> What to work on:
Which lines of the records contain "have"? Collect every one of them.

________________

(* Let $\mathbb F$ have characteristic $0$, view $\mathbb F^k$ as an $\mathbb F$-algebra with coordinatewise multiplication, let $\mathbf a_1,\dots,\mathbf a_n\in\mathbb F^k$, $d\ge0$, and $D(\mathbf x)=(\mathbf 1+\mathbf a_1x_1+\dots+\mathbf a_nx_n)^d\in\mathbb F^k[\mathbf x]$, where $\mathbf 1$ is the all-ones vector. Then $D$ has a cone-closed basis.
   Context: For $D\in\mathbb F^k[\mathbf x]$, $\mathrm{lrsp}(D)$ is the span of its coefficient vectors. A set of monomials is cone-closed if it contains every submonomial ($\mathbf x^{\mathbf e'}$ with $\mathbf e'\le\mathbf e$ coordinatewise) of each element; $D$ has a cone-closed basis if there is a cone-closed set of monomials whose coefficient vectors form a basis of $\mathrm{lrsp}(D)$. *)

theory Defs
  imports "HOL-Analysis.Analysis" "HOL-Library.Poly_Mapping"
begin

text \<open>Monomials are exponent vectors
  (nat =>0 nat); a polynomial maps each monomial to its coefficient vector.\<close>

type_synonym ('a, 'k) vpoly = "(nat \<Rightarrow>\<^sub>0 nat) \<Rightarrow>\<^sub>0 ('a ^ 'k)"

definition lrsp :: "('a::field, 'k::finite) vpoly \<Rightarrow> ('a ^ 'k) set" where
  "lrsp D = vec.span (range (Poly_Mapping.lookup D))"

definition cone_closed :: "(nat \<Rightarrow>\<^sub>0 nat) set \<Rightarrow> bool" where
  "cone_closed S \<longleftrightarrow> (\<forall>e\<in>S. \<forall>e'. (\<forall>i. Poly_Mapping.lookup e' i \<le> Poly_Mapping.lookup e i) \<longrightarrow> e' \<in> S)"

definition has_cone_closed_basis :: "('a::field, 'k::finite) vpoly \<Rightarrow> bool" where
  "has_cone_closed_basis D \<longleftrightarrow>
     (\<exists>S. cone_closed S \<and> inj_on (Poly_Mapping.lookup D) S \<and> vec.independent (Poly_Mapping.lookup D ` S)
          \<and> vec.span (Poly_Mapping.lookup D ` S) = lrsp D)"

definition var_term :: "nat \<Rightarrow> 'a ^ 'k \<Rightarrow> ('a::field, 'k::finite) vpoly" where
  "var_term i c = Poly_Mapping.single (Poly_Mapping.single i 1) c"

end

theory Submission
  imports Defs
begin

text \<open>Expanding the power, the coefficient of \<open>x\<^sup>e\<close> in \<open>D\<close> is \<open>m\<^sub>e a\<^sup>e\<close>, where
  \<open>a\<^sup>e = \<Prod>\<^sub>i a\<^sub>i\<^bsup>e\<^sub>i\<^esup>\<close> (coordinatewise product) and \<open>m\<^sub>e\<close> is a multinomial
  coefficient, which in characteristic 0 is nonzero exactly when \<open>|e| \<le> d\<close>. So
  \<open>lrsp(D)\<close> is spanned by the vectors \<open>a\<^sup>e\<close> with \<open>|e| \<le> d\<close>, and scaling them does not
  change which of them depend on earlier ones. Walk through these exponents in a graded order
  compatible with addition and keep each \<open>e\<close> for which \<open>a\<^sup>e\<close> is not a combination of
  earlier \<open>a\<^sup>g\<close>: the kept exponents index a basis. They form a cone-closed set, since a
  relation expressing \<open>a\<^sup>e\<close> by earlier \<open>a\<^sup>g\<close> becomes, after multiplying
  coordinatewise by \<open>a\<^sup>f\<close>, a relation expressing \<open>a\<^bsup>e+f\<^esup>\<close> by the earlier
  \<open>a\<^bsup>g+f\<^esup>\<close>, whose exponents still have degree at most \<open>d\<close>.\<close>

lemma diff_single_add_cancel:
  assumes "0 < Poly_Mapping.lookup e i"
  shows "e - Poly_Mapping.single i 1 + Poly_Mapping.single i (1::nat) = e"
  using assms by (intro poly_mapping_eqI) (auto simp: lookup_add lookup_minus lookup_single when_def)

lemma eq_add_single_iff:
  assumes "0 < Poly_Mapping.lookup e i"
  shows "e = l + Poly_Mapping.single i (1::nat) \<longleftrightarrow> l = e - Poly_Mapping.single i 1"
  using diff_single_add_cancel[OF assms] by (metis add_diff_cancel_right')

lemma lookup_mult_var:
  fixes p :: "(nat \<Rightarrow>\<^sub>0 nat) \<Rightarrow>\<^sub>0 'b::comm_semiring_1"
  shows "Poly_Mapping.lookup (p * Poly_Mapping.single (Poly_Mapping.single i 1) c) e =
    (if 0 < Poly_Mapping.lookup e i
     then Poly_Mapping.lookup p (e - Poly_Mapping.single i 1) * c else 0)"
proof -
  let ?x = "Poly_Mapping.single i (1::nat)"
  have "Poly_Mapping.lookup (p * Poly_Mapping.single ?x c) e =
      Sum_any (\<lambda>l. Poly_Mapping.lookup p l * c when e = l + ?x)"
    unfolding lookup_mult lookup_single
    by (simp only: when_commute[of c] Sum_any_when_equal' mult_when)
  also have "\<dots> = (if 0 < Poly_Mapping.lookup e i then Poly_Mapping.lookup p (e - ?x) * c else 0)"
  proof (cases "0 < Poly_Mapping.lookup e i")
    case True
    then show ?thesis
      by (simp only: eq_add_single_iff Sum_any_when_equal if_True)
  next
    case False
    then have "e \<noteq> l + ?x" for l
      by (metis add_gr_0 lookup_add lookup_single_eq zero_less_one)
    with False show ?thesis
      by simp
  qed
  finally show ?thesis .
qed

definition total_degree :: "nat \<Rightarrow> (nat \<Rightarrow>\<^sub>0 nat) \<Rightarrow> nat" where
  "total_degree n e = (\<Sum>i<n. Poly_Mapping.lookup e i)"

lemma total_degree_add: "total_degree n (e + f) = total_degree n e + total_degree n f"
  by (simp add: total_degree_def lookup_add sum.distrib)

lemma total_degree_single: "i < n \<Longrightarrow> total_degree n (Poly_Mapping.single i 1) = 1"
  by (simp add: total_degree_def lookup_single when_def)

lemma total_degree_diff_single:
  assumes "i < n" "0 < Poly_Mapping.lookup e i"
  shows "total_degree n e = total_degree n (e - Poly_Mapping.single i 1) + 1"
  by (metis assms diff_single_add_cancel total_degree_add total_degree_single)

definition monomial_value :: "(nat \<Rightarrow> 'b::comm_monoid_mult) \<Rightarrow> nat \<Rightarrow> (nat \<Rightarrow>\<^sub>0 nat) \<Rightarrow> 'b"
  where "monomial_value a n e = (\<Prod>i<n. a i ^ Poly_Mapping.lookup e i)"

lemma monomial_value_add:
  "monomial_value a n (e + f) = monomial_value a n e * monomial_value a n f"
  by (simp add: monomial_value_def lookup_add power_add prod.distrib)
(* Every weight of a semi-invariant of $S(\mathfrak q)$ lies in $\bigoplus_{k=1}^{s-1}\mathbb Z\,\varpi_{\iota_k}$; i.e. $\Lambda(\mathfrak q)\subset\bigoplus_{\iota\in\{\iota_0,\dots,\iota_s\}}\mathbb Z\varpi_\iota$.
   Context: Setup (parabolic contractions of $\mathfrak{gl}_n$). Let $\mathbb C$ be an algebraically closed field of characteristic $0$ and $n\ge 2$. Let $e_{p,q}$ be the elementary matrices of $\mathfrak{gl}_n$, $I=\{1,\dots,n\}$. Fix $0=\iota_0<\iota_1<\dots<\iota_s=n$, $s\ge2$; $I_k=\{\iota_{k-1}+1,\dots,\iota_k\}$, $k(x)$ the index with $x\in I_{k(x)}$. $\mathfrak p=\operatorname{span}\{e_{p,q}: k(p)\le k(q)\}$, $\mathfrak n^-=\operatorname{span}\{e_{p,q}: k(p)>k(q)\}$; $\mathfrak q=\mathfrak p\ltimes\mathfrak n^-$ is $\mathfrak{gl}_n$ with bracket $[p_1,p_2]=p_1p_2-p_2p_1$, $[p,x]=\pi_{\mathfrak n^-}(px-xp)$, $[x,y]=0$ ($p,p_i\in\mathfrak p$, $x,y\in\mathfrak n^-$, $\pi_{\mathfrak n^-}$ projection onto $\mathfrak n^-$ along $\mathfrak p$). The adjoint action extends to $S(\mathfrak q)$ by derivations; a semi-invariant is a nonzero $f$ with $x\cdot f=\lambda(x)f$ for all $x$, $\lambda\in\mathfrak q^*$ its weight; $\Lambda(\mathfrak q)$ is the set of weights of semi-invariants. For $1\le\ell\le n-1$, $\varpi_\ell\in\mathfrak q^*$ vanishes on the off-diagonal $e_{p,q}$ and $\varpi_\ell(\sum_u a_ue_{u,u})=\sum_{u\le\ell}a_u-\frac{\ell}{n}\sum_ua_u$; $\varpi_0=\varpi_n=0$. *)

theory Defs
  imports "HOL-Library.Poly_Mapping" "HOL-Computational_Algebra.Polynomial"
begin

________________

> Written reply:
(* Let $\mathbb F$ have characteristic $0$, view $\mathbb F^k$ as an $\mathbb F$-algebra with coordinatewise multiplication, let $\mathbf a_1,\dots,\mathbf a_n\in\mathbb F^k$, $d\ge0$, and $D(\mathbf x)=(\mathbf 1+\mathbf a_1x_1+\dots+\mathbf a_nx_n)^d\in\mathbb F^k[\mathbf x]$, where $\mathbf 1$ is the all-ones vector. Then $D$ has a cone-closed basis.
  \<open>a\<^bsup>g+f\<^esup>\<close>, whose exponents still have degree at most \<open>d\<close>.\<close>
  have "Poly_Mapping.lookup (p * Poly_Mapping.single ?x c) e =
  also have "\<dots> = (if 0 < Poly_Mapping.lookup e i then Poly_Mapping.lookup p (e - ?x) * c else 0)"
    then have "e \<noteq> l + ?x" for l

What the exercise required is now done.